*Material provided*

(* Suppose $F$ is a $\mu$-PL function for some $\mu>0$, let $\kappa=L/\mu$ and assume $\kappa>n^{1/3}$ and that $n^{2/3}$ is an integer. Let $b=n^{2/3}$, $\eta=1/(5L)$, $m=\lfloor n^{1/3}\rfloor$ and $T=\lceil 30\kappa\rceil$. Then for every integer $K\ge1$, both the output $x^K$ of PL-SVRG$(x^0,K,T,m,b,\eta)$ and the output $x^K$ of PL-SAGA$(x^0,K,T,b,\eta)$ satisfy $$\mathbb E\big[F(x^K)-F(x^* )\big]\le \frac{F(x^0)-F(x^* )}{2^K},$$ where $x^*$ is an optimal solution of $\min_x F(x)$.
   Context: Setting: Let $n,d\ge 1$ be integers and $[n]=\{1,\dots,n\}$. Let $f_1,\dots,f_n:\mathbb R^d\to\mathbb R$ be differentiable (possibly nonconvex) functions, each $L$-smooth for some $L>0$, i.e. $\|\nabla f_i(x)-\nabla f_i(y)\|\le L\|x-y\|$ for all $x,y\in\mathbb R^d$ and $i\in[n]$. Let $f=\frac1n\sum_{i=1}^n f_i$. Let $h:\mathbb R^d\to\mathbb R\cup\{+\infty\}$ be proper, lower semicontinuous and convex, with closed domain. Let $F=f+h$, and let $x^*$ be a global minimizer of $F$ on $\mathbb R^d$ (assumed to exist). For $\eta>0$, $\mathrm{prox}_{\eta h}(x):=\arg\min_{y\in\mathbb R^d}\big(h(y)+\frac1{2\eta}\|y-x\|^2\big)$. $\mu$-PL functions: for $x\in\mathbb R^d$ and $\alpha>0$ define $D_h(x,\alpha):=-2\alpha\min_{y\in\mathbb R^d}\big[\langle\nabla f(x),y-x\rangle+\frac{\alpha}{2}\|y-x\|^2+h(y)-h(x)\big]$. $F$ is called $\mu$-PL ($\mu>0$) if $\mu\,(F(x)-F(x^* ))\le \frac12 D_h(x,\mu)$ for all $x\in\mathrm{dom}(h)$. Algorithm ProxSVRG$(x^0,T,m,b,\eta)$: Given $x^0\in\mathbb R^d$, positive integers $T,m,b$ and $\eta>0$, let $S=\lceil T/m\rceil$ and set $\tilde x^0=x^0_m=x^0$. For $s=0,\dots,S-1$: set $x^{s+1}_0=x^s_m$ and $g^{s+1}=\frac1n\sum_{i=1}^n\nabla f_i(\tilde x^s)$; for $t=0,\dots,m-1$: draw a multiset $I_t$ of $b$ indices, each drawn independently and uniformly at random from $[n]$ (with replacement, independently of all previous draws), set $v^{s+1}_t=\frac1b\sum_{i\in I_t}\big(\nabla f_i(x^{s+1}_t)-\nabla f_i(\tilde x^s)\big)+g^{s+1}$ and $x^{s+1}_{t+1}=\mathrm{prox}_{\eta h}(x^{s+1}_t-\eta v^{s+1}_t)$; after the inner loop set $\tilde x^{s+1}=x^{s+1}_m$. The output $x_a$ is chosen uniformly at random from $\{x^{s+1}_t: 0\le t\le m-1,\ 0\le s\le S-1\}$. Algorithm ProxSAGA$(x^0,T,b,\eta)$: Given $x^0\in\mathbb R^d$, positive integers $T,b$ and $\eta>0$, set $\alpha^0_i=x^0$ for all $i\in[n]$. For $t=0,1,\dots$ let $g^t=\frac1n\sum_{i=1}^n\nabla f_i(\alpha^t_i)$. For $t=0,\dots,T-1$: draw two multisets $I_t,J_t$, each consisting of $b$ indices drawn independently and uniformly at random from $[n]$ (with replacement; $I_t$, $J_t$ independent of each other and of all previous draws); set $v^t=\frac1b\sum_{i\in I_t}\big(\nabla f_i(x^t)-\nabla f_i(\alpha^t_i)\big)+g^t$ and $x^{t+1}=\mathrm{prox}_{\eta h}(x^t-\eta v^t)$; set $\alpha^{t+1}_j=x^t$ for $j\in J_t$ and $\alpha^{t+1}_j=\alpha^t_j$ for $j\notin J_t$. The output $x_a$ is chosen uniformly at random from $\{x^0,\dots,x^{T-1}\}$. Algorithm PL-SVRG$(x^0,K,T,m,b,\eta)$: for $k=1,\dots,K$, let $x^k$ be the output $x_a$ of ProxSVRG$(x^{k-1},T,m,b,\eta)$ (run with fresh independent randomness); output $x^K$. Algorithm PL-SAGA$(x^0,K,T,b,\eta)$: for $k=1,\dots,K$, let $x^k$ be the output $x_a$ of ProxSAGA$(x^{k-1},T,b,\eta)$ (run with fresh independent randomness); output $x^K$. Expectations are over all randomness. *)

theory Defs
  imports "HOL-Analysis.Analysis" "HOL-Probability.Probability"
begin

definition edom :: "('a \<Rightarrow> ereal) \<Rightarrow> 'a set" where
  "edom h = {x. h x < \<infinity>}"

definition proper_fun :: "('a \<Rightarrow> ereal) \<Rightarrow> bool" where
  "proper_fun h \<longleftrightarrow> (\<exists>x. h x < \<infinity>) \<and> (\<forall>x. h x \<noteq> -\<infinity>)"

definition lsc_fun :: "('a::topological_space \<Rightarrow> ereal) \<Rightarrow> bool" where
  "lsc_fun h \<longleftrightarrow> (\<forall>x. h x \<le> Liminf (at x) h)"

definition convex_efun :: "('a::real_vector \<Rightarrow> ereal) \<Rightarrow> bool" where
  "convex_efun h \<longleftrightarrow> convex (edom h) \<and> convex_on (edom h) (\<lambda>x. real_of_ereal (h x))"

definition prox :: "real \<Rightarrow> ('a::real_normed_vector \<Rightarrow> ereal) \<Rightarrow> 'a \<Rightarrow> 'a" where
  "prox \<eta> h x = (SOME y. \<forall>z. h y + ereal ((norm (y - x))\<^sup>2 / (2 * \<eta>))
                             \<le> h z + ereal ((norm (z - x))\<^sup>2 / (2 * \<eta>)))"

definition favg :: "nat \<Rightarrow> (nat \<Rightarrow> 'a \<Rightarrow> real) \<Rightarrow> 'a \<Rightarrow> real" where
  "favg n fs x = (\<Sum>i=1..n. fs i x) / real n"

definition gavg :: "nat \<Rightarrow> (nat \<Rightarrow> 'a \<Rightarrow> 'a::real_vector) \<Rightarrow> 'a \<Rightarrow> 'a" where
  "gavg n gs x = (1 / real n) *\<^sub>R (\<Sum>i=1..n. gs i x)"

definition Fobj :: "nat \<Rightarrow> (nat \<Rightarrow> 'a \<Rightarrow> real) \<Rightarrow> ('a \<Rightarrow> ereal) \<Rightarrow> 'a \<Rightarrow> ereal" where
  "Fobj n fs h x = ereal (favg n fs x) + h x"

definition Dh :: "('a \<Rightarrow> 'a::real_inner) \<Rightarrow> ('a \<Rightarrow> ereal) \<Rightarrow> 'a \<Rightarrow> real \<Rightarrow> ereal" where
  "Dh gradf h x \<alpha> = ereal (-2 * \<alpha>) *
     (INF y. ereal (gradf x \<bullet> (y - x) + \<alpha> / 2 * (norm (y - x))\<^sup>2) + h y - h x)"

definition is_PL :: "real \<Rightarrow> ('a \<Rightarrow> ereal) \<Rightarrow> ('a \<Rightarrow> 'a::real_inner) \<Rightarrow> ('a \<Rightarrow> ereal) \<Rightarrow> 'a \<Rightarrow> bool" where
  "is_PL \<mu> F gradf h xstar \<longleftrightarrow> \<mu> > 0 \<and>
     (\<forall>x\<in>edom h. ereal \<mu> * (F x - F xstar) \<le> ereal (1/2) * Dh gradf h x \<mu>)"

text \<open>b indices drawn independently, uniformly from {1..n}, with replacement
  (the multiset I_t, represented by a list)\<close>
fun draw_idx :: "nat \<Rightarrow> nat \<Rightarrow> nat list pmf" where
  "draw_idx n 0 = return_pmf []"
| "draw_idx n (Suc b) = do { i \<leftarrow> pmf_of_set {1..n}; is \<leftarrow> draw_idx n b; return_pmf (i # is) }"

definition unif_list :: "'a list \<Rightarrow> 'a pmf" where
  "unif_list xs = map_pmf (\<lambda>i. xs ! i) (pmf_of_set {..<length xs})"

definition svrg_v :: "(nat \<Rightarrow> 'a \<Rightarrow> 'a::real_vector) \<Rightarrow> nat \<Rightarrow> nat list \<Rightarrow> 'a \<Rightarrow> 'a \<Rightarrow> 'a \<Rightarrow> 'a" where
  "svrg_v gs b I x xt g = (1 / real b) *\<^sub>R (\<Sum>i\<leftarrow>I. gs i x - gs i xt) + g"

text \<open>inner loop: from x_0 performs k steps; returns ([x_0,...,x_{k-1}], x_k)\<close>
fun svrg_inner :: "nat \<Rightarrow> (nat \<Rightarrow> 'a \<Rightarrow> 'a::real_normed_vector) \<Rightarrow> ('a \<Rightarrow> ereal) \<Rightarrow> nat \<Rightarrow> real
    \<Rightarrow> 'a \<Rightarrow> 'a \<Rightarrow> nat \<Rightarrow> 'a \<Rightarrow> ('a list \<times> 'a) pmf" where
  "svrg_inner n gs h b \<eta> xt g 0 x = return_pmf ([], x)"
| "svrg_inner n gs h b \<eta> xt g (Suc k) x = do {
     I \<leftarrow> draw_idx n b;
     let x' = prox \<eta> h (x - \<eta> *\<^sub>R svrg_v gs b I x xt g);
     (l, xf) \<leftarrow> svrg_inner n gs h b \<eta> xt g k x';
     return_pmf (x # l, xf) }"

text \<open>outer loop: s epochs starting from the snapshot x~; returns list of all inner iterates
  x^{s+1}_t (0 <= t <= m-1) in order\<close>
fun svrg_epochs :: "nat \<Rightarrow> (nat \<Rightarrow> 'a \<Rightarrow> 'a::real_normed_vector) \<Rightarrow> ('a \<Rightarrow> ereal) \<Rightarrow> nat \<Rightarrow> nat \<Rightarrow> real
    \<Rightarrow> nat \<Rightarrow> 'a \<Rightarrow> 'a list pmf" where
  "svrg_epochs n gs h m b \<eta> 0 xt = return_pmf []"
| "svrg_epochs n gs h m b \<eta> (Suc s) xt = do {
     (l, xm) \<leftarrow> svrg_inner n gs h b \<eta> xt (gavg n gs xt) m xt;
     rest \<leftarrow> svrg_epochs n gs h m b \<eta> s xm;
     return_pmf (l @ rest) }"

definition ProxSVRG :: "nat \<Rightarrow> (nat \<Rightarrow> 'a \<Rightarrow> 'a::real_normed_vector) \<Rightarrow> ('a \<Rightarrow> ereal)
    \<Rightarrow> 'a \<Rightarrow> nat \<Rightarrow> nat \<Rightarrow> nat \<Rightarrow> real \<Rightarrow> 'a pmf" where
  "ProxSVRG n gs h x0 T m b \<eta> =
     svrg_epochs n gs h m b \<eta> (nat \<lceil>real T / real m\<rceil>) x0 \<bind> unif_list"

text \<open>k iterations from state (x, alpha); returns the list [x^t, ..., x^{t+k-1}]\<close>
fun saga_iter :: "nat \<Rightarrow> (nat \<Rightarrow> 'a \<Rightarrow> 'a::real_normed_vector) \<Rightarrow> ('a \<Rightarrow> ereal) \<Rightarrow> nat \<Rightarrow> real
    \<Rightarrow> nat \<Rightarrow> 'a \<Rightarrow> (nat \<Rightarrow> 'a) \<Rightarrow> 'a list pmf" where
  "saga_iter n gs h b \<eta> 0 x \<alpha> = return_pmf []"
| "saga_iter n gs h b \<eta> (Suc k) x \<alpha> = do {
     I \<leftarrow> draw_idx n b;
     J \<leftarrow> draw_idx n b;
     let g = (1 / real n) *\<^sub>R (\<Sum>i=1..n. gs i (\<alpha> i));
     let v = (1 / real b) *\<^sub>R (\<Sum>i\<leftarrow>I. gs i x - gs i (\<alpha> i)) + g;
     let x' = prox \<eta> h (x - \<eta> *\<^sub>R v);
     let \<alpha>' = (\<lambda>j. if j \<in> set J then x else \<alpha> j);
     rest \<leftarrow> saga_iter n gs h b \<eta> k x' \<alpha>';
     return_pmf (x # rest) }"

definition ProxSAGA :: "nat \<Rightarrow> (nat \<Rightarrow> 'a \<Rightarrow> 'a::real_normed_vector) \<Rightarrow> ('a \<Rightarrow> ereal)
    \<Rightarrow> 'a \<Rightarrow> nat \<Rightarrow> nat \<Rightarrow> real \<Rightarrow> 'a pmf" where
  "ProxSAGA n gs h x0 T b \<eta> = saga_iter n gs h b \<eta> T x0 (\<lambda>_. x0) \<bind> unif_list"

fun PL_SVRG :: "nat \<Rightarrow> (nat \<Rightarrow> 'a \<Rightarrow> 'a::real_normed_vector) \<Rightarrow> ('a \<Rightarrow> ereal)
    \<Rightarrow> 'a \<Rightarrow> nat \<Rightarrow> nat \<Rightarrow> nat \<Rightarrow> nat \<Rightarrow> real \<Rightarrow> 'a pmf" where
  "PL_SVRG n gs h x0 0 T m b \<eta> = return_pmf x0"
| "PL_SVRG n gs h x0 (Suc k) T m b \<eta> =
     PL_SVRG n gs h x0 k T m b \<eta> \<bind> (\<lambda>y. ProxSVRG n gs h y T m b \<eta>)"

fun PL_SAGA :: "nat \<Rightarrow> (nat \<Rightarrow> 'a \<Rightarrow> 'a::real_normed_vector) \<Rightarrow> ('a \<Rightarrow> ereal)
    \<Rightarrow> 'a \<Rightarrow> nat \<Rightarrow> nat \<Rightarrow> nat \<Rightarrow> real \<Rightarrow> 'a pmf" where
  "PL_SAGA n gs h x0 0 T b \<eta> = return_pmf x0"
| "PL_SAGA n gs h x0 (Suc k) T b \<eta> =
     PL_SAGA n gs h x0 k T b \<eta> \<bind> (\<lambda>y. ProxSAGA n gs h y T b \<eta>)"

end

theory Submission
  imports Defs
begin

(*
  With eta = 1/(5L), comparing the proximal step x+ = prox (x - eta v) with the point
  x + eta mu (u - x) and applying the PL inequality gives, for the gap Delta = F - F(xstar),
    Delta(x+) + 2L |x+ - x|^2 + eta mu Delta(x) <= Delta(x) + eta/2 |grad f(x) - v|^2.
  For the SVRG and SAGA estimators the variance term is at most L^2/b times the mean squared
  distance from x to the anchor points (the snapshot, resp. the alpha_i).  Adding a multiple of
  that distance to Delta yields a Lyapunov function whose increase is paid for by the movement
  term 2L |x+ - x|^2.  Telescoping, eta mu E[sum_t Delta(x^t)] <= Delta(x^0), so the uniformly
  chosen output has expected gap at most Delta(x^0) / (T eta mu) <= Delta(x^0)/2 since T >= 30 kappa;
  every restart halves the gap once more.
*)

section \<open>Sampling indices with replacement\<close>

lemma set_pmf_draw_idx: "n \<ge> 1 \<Longrightarrow> set_pmf (draw_idx n b) \<subseteq> {l. length l = b \<and> set l \<subseteq> {1..n}}"
  by (induction b) (force simp: set_pmf_of_set subset_iff)+

lemma finite_set_pmf_draw_idx: assumes "n \<ge> 1" shows "finite (set_pmf (draw_idx n b))"
proof -
  have "finite {l. set l \<subseteq> {1..n} \<and> length l = b}"
    by (rule finite_lists_length_eq) simp
  then show ?thesis
    by (rule finite_subset[rotated]) (use set_pmf_draw_idx[OF \<open>n \<ge> 1\<close>] in auto)
qed

lemma integrable_draw_idx:
  fixes f :: "nat list \<Rightarrow> 'c::{banach, second_countable_topology}"
  assumes "n \<ge> 1"
  shows "integrable (measure_pmf (draw_idx n b)) f"
  by (rule integrable_measure_pmf_finite[OF finite_set_pmf_draw_idx[OF assms]])

lemma expectation_draw_idx_Suc:
  fixes H :: "nat list \<Rightarrow> 'c::{banach, second_countable_topology}"
  assumes "n \<ge> 1"
  shows "measure_pmf.expectation (draw_idx n (Suc b)) H =
     (\<Sum>i\<in>{1..n}. measure_pmf.expectation (draw_idx n b) (\<lambda>is. H (i # is))) /\<^sub>R real n"
proof -
  have eq: "draw_idx n (Suc b) = pmf_of_set {1..n} \<bind> (\<lambda>i. map_pmf (\<lambda>is. i # is) (draw_idx n b))"
    by (simp add: map_pmf_def)
  show ?thesis unfolding eq
    using assms
    by (subst pmf_expectation_bind_pmf_of_set) (auto simp: finite_set_pmf_draw_idx scaleR_sum_right)
qed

*Task goal*
Determine how many lines above contain the string "infinity". Give only that number.

*Solution to this exercise*
2